The expected output is each line in the data below that includes the string "lemma".

*** Block opens ***

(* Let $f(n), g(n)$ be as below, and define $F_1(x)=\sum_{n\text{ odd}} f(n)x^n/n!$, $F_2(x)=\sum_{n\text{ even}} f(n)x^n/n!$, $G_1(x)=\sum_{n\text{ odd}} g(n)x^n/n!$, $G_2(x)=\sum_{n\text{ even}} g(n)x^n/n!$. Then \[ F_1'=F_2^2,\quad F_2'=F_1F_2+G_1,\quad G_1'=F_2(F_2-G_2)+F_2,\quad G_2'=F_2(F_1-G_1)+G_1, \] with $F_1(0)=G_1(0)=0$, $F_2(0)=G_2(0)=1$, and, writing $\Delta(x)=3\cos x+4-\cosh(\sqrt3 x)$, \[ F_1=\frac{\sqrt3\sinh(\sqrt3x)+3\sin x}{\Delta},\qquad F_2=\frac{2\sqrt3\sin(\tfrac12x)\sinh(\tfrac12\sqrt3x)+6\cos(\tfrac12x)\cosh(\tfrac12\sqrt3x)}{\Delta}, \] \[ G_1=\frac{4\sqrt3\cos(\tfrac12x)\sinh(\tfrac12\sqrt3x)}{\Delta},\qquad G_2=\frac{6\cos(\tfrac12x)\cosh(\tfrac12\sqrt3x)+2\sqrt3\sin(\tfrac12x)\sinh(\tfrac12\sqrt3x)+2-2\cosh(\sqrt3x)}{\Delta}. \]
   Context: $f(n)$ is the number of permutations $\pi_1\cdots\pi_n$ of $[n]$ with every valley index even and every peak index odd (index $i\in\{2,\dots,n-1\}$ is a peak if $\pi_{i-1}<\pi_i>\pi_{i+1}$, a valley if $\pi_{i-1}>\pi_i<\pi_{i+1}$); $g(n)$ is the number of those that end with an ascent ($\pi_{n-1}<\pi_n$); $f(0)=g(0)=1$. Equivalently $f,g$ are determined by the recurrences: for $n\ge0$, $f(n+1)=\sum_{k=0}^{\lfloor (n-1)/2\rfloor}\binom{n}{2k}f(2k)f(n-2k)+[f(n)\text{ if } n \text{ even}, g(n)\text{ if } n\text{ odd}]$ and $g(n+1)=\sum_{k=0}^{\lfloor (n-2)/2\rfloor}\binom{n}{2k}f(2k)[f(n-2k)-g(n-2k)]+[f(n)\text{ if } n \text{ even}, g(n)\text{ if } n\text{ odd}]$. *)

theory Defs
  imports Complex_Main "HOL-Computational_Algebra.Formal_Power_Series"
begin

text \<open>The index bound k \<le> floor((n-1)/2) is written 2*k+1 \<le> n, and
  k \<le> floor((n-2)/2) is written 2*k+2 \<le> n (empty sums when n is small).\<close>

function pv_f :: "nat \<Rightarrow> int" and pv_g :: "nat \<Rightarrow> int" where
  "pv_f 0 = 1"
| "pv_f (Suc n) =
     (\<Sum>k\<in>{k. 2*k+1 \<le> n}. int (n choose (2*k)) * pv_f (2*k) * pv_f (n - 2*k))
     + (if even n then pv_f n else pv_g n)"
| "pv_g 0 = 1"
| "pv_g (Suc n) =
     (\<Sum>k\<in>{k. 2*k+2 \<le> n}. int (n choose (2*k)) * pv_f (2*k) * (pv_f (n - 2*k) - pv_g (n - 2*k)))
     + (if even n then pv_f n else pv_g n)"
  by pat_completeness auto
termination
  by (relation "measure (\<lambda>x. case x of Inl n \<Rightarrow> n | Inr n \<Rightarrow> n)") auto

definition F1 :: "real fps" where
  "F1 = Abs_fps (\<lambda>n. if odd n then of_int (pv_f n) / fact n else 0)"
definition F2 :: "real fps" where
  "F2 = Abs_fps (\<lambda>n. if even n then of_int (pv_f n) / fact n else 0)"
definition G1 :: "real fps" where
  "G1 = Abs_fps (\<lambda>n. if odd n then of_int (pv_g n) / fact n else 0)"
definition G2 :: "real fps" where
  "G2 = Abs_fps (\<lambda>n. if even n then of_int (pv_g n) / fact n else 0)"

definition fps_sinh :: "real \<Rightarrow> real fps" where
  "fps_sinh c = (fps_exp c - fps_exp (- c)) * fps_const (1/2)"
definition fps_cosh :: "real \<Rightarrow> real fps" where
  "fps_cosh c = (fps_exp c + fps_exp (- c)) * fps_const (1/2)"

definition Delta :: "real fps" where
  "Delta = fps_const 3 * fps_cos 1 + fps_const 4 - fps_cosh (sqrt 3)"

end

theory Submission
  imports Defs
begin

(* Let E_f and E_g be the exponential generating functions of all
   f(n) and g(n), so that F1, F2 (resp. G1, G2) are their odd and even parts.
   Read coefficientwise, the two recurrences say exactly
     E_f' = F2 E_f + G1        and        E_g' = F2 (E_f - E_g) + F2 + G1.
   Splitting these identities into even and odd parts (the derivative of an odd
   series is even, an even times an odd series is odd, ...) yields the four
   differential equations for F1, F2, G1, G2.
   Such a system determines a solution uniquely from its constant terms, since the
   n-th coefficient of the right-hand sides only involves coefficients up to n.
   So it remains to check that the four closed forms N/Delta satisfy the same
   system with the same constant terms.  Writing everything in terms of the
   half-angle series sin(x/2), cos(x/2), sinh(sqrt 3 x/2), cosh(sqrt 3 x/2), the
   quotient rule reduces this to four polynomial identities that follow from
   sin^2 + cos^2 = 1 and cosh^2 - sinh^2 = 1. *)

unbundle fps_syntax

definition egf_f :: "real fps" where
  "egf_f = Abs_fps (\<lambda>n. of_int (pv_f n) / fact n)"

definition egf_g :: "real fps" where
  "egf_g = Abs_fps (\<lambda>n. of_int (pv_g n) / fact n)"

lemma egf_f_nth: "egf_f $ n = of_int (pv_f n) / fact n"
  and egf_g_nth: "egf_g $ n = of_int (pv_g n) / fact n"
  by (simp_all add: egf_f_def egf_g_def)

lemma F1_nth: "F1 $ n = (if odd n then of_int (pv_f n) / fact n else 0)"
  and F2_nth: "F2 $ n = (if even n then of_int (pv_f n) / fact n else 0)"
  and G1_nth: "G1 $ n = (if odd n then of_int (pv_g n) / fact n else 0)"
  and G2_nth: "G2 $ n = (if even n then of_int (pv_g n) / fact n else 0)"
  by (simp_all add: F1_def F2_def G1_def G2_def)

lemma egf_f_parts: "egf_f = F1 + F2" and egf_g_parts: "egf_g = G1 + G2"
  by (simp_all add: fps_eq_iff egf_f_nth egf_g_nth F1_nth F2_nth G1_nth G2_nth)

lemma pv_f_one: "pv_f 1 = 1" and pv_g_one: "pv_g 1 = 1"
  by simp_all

*** Block closes ***

▸ RESPONSE BELOW
lemma egf_f_nth: "egf_f $ n = of_int (pv_f n) / fact n"
lemma F1_nth: "F1 $ n = (if odd n then of_int (pv_f n) / fact n else 0)"
lemma egf_f_parts: "egf_f = F1 + F2" and egf_g_parts: "egf_g = G1 + G2"
lemma pv_f_one: "pv_f 1 = 1" and pv_g_one: "pv_g 1 = 1"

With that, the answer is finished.